De même, dans Le Cœur fantôme, une réelle volonté de coopération des protagonistes afin de nourrir le dialogue et de le faire progresser se fait sentir entre Justine et Philippe dans la séquence qui les donne à voir en discussion dans un train italien [séq. 33]. Une telle séquence montre que, dans les films de la quatrième période, un dialogue peut engendrer un effort de coopération et une bonne participation, sans pour autant que la nature du propos soit exempt de tensions. Car, et c’est le point important, la nature de l’interlocution ne vise pas, elle, à sécréter de l’incompréhension. On la sent tendue, au contraire, par le désir des deux partenaires de comprendre (Philippe) et d’arriver à dire (Justine), ce que Justine a en tête. On peut remarquer ainsi que ce dialogue est constitué pour l’essentiel de répliques courtes, voire très courtes, et fait preuve d’une rapidité certaine dans l’enchaînement des tours de parole. On peut souligner aussi le jeu de questions/réponses et celui d’assertions/contre-assertions qui forment l’armature essentielle de ce dialogue.
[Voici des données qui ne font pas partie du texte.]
(* Let $H\in M_d$ be a Hamiltonian, $\beta>0$, $\epsilon>0$, and let $\{e_1,\dots,e_{d'}\}\subset\mathbb R$ be an $\epsilon$-spectral covering of $H$. For $i\in[d']$ let $\tilde P_i$ be the orthogonal projection onto the span of the eigenvectors of $H$ with eigenvalues in $(e_i-\epsilon,e_i+\epsilon)$, and let $n_i=\operatorname{tr}\tilde P_i$. Define $$\tilde{\mathcal Z}_\beta=\sum_{i=1}^{d'}n_i e^{-\beta e_i},\qquad \tilde\rho=\frac{1}{\tilde{\mathcal Z}_\beta}\sum_{i=1}^{d'}e^{-\beta e_i}\tilde P_i .$$ Then $$\Big\|\tilde\rho-\frac{e^{-\beta H}}{\mathcal Z_\beta}\Big\|_1\le\sqrt{4\epsilon\beta}.$$ Consequently, for any POVM $\{F_k\}_{k\in I}$, the distributions $p(k)=\operatorname{tr}(F_k e^{-\beta H}/\mathcal Z_\beta)$ and $\tilde p(k)=\operatorname{tr}(F_k\tilde\rho)$ satisfy $\|\tilde p-p\|_1=\sum_k|\tilde p(k)-p(k)|\le\sqrt{4\epsilon\beta}$.
   Context: $\mathcal Z_\beta=\operatorname{tr}[e^{-\beta H}]$. For $\epsilon>0$, a set $\{e_1,\dots,e_{d'}\}\subset\mathbb R$ is an $\epsilon$-spectral covering of a Hamiltonian (Hermitian matrix) $H$ if the spectrum $\sigma(H)$ is contained in the disjoint union $\bigsqcup_{i=1}^{d'}(e_i-\epsilon,e_i+\epsilon)$ (the intervals being pairwise disjoint) and $\sigma(H)\cap(e_i-\epsilon,e_i+\epsilon)\neq\emptyset$ for each $i$. $\|X\|_1=\operatorname{tr}|X|$ is the trace norm. A POVM is a family of positive semidefinite matrices $\{F_k\}_{k\in I}$ with $\sum_k F_k=\mathbf 1$. *)

theory Defs
  imports "HOL-Analysis.Analysis" "Jordan_Normal_Form.Matrix" "Jordan_Normal_Form.Char_Poly"
begin

definition adj :: "complex mat \<Rightarrow> complex mat" where
  "adj A = mat (dim_col A) (dim_row A) (\<lambda>(i,j). cnj (A $$ (j,i)))"

definition hermitian :: "nat \<Rightarrow> complex mat \<Rightarrow> bool" where
  "hermitian d A \<longleftrightarrow> A \<in> carrier_mat d d \<and> adj A = A"

definition psd :: "nat \<Rightarrow> complex mat \<Rightarrow> bool" where
  "psd d A \<longleftrightarrow> hermitian d A \<and> (\<forall>v \<in> carrier_vec d. 0 \<le> Re ((A *\<^sub>v v) \<bullet>c v))"

definition tr :: "complex mat \<Rightarrow> complex" where
  "tr A = (\<Sum>i<dim_row A. A $$ (i,i))"

definition mat_exp :: "complex mat \<Rightarrow> complex mat" where
  "mat_exp A = mat (dim_row A) (dim_col A)
     (\<lambda>(i,j). \<Sum>k. (A ^\<^sub>m k) $$ (i,j) / of_nat (fact k))"

definition spectrum :: "complex mat \<Rightarrow> complex set" where
  "spectrum A = {x. eigenvalue A x}"

definition vspan :: "nat \<Rightarrow> complex vec set \<Rightarrow> complex vec set" where
  "vspan d S = {v. \<exists>xs cs. set xs \<subseteq> S \<and> length cs = length xs \<and>
       v = foldr (+) (map2 (\<lambda>c x. c \<cdot>\<^sub>v x) cs xs) (0\<^sub>v d)}"

definition msum :: "nat \<Rightarrow> ('i \<Rightarrow> complex mat) \<Rightarrow> 'i set \<Rightarrow> complex mat" where
  "msum d f A = mat d d (\<lambda>(a,b). \<Sum>i\<in>A. f i $$ (a,b))"

definition orth_proj :: "nat \<Rightarrow> complex vec set \<Rightarrow> complex mat" where
  "orth_proj d W = (THE P. hermitian d P \<and> P * P = P \<and>
       (\<forall>v \<in> carrier_vec d. P *\<^sub>v v = v \<longleftrightarrow> v \<in> W))"

definition mat_abs :: "complex mat \<Rightarrow> complex mat" where
  "mat_abs X = (THE S. psd (dim_col X) S \<and> S * S = adj X * X)"

definition trace_norm :: "complex mat \<Rightarrow> real" where
  "trace_norm X = Re (tr (mat_abs X))"

definition spectral_covering :: "real \<Rightarrow> complex mat \<Rightarrow> nat \<Rightarrow> (nat \<Rightarrow> real) \<Rightarrow> bool" where
  "spectral_covering \<epsilon> H d' e \<longleftrightarrow>
     spectrum H \<subseteq> (\<Union>i<d'. complex_of_real ` {e i - \<epsilon> <..< e i + \<epsilon>}) \<and>
     (\<forall>i<d'. \<forall>j<d'. i \<noteq> j \<longrightarrow> {e i - \<epsilon> <..< e i + \<epsilon>} \<inter> {e j - \<epsilon> <..< e j + \<epsilon>} = {}) \<and>
     (\<forall>i<d'. spectrum H \<inter> complex_of_real ` {e i - \<epsilon> <..< e i + \<epsilon>} \<noteq> {})"

definition povm :: "nat \<Rightarrow> 'k set \<Rightarrow> ('k \<Rightarrow> complex mat) \<Rightarrow> bool" where
  "povm d I F \<longleftrightarrow> (\<forall>k\<in>I. psd d (F k)) \<and>
     (\<forall>i<d. \<forall>j<d. ((\<lambda>k. F k $$ (i,j)) has_sum (1\<^sub>m d $$ (i,j))) I)"

definition cov_proj :: "nat \<Rightarrow> complex mat \<Rightarrow> real \<Rightarrow> real \<Rightarrow> complex mat" where
  "cov_proj d H \<epsilon> c = orth_proj d (vspan d {v. \<exists>x\<in>{c - \<epsilon> <..< c + \<epsilon>}.
                                  eigenvector H v (complex_of_real x)})"

definition partition_fn :: "real \<Rightarrow> complex mat \<Rightarrow> complex" where
  "partition_fn \<beta> H = tr (mat_exp (complex_of_real (- \<beta>) \<cdot>\<^sub>m H))"

definition gibbs :: "real \<Rightarrow> complex mat \<Rightarrow> complex mat" where
  "gibbs \<beta> H = (1 / partition_fn \<beta> H) \<cdot>\<^sub>m mat_exp (complex_of_real (- \<beta>) \<cdot>\<^sub>m H)"

definition approx_partition_fn :: "nat \<Rightarrow> complex mat \<Rightarrow> real \<Rightarrow> real \<Rightarrow> nat \<Rightarrow> (nat \<Rightarrow> real) \<Rightarrow> complex" where
  "approx_partition_fn d H \<beta> \<epsilon> d' e =
     (\<Sum>i<d'. tr (cov_proj d H \<epsilon> (e i)) * complex_of_real (exp (- \<beta> * e i)))"

definition approx_state :: "nat \<Rightarrow> complex mat \<Rightarrow> real \<Rightarrow> real \<Rightarrow> nat \<Rightarrow> (nat \<Rightarrow> real) \<Rightarrow> complex mat" where
  "approx_state d H \<beta> \<epsilon> d' e = (1 / approx_partition_fn d H \<beta> \<epsilon> d' e) \<cdot>\<^sub>m
     msum d (\<lambda>i. complex_of_real (exp (- \<beta> * e i)) \<cdot>\<^sub>m cov_proj d H \<epsilon> (e i)) {..<d'}"

end

theory Submission
  imports Defs "Jordan_Normal_Form.Schur_Decomposition"
begin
On peut pointer enfin les répliques en miroir inversées (« Mais non », « Mais si ») et les reprises d’un mot à l’autre (« Fais pas ta maligne », « J’fais pas ma maligne », « Ben voilà ! », « Voilà, quoi ? »). Tous ces éléments caractérisent de manière claire la nature coopératrice des deux partenaires et une bonne participation à l’échange. Ni Justine, ni Philippe ne cherchent à se dérober à la discussion. Justine cherche au contraire à faire comprendre à Philippe combien lui pèse le fait qu’il ait des enfants, c’est-à-dire plus profondément qu’il ait eu une vie avant de la connaître. Philippe de son côté montre qu’il cherche à bien entendre ce que lui dit Justine par les relances dont il fait preuve à travers ses questions. Il la pousse même dans ses retranchements et formule son désir inconscient (« Tu voudrais que j’abandonne mes gosses ? »), lequel prend l’aspect d’une radicale dénégation de la part de Justine (« Ça va pas non »). Autrement dit, la dynamique profondément dialogique de ce dialogue, si l’on nous accorde cette tautologie, conduit à faire voir le point de tension et de conflit qui existe entre eux. C’est tout le paradoxe ici de la coopération : faire se lever une zone possible de rupture quand l’interlocution, elle, est portée par un entremêlement fort des deux consciences dans l’effort de coopération.
Il est nécessaire de préciser « pour l’oreille » parce que si le spectateur entend une répétition exacte « L’homme… la mer », le scénario avant-tournage nous apprend que Gérard dit en réalité « L’homme… la mère. » Cf. op. cit., p. 2.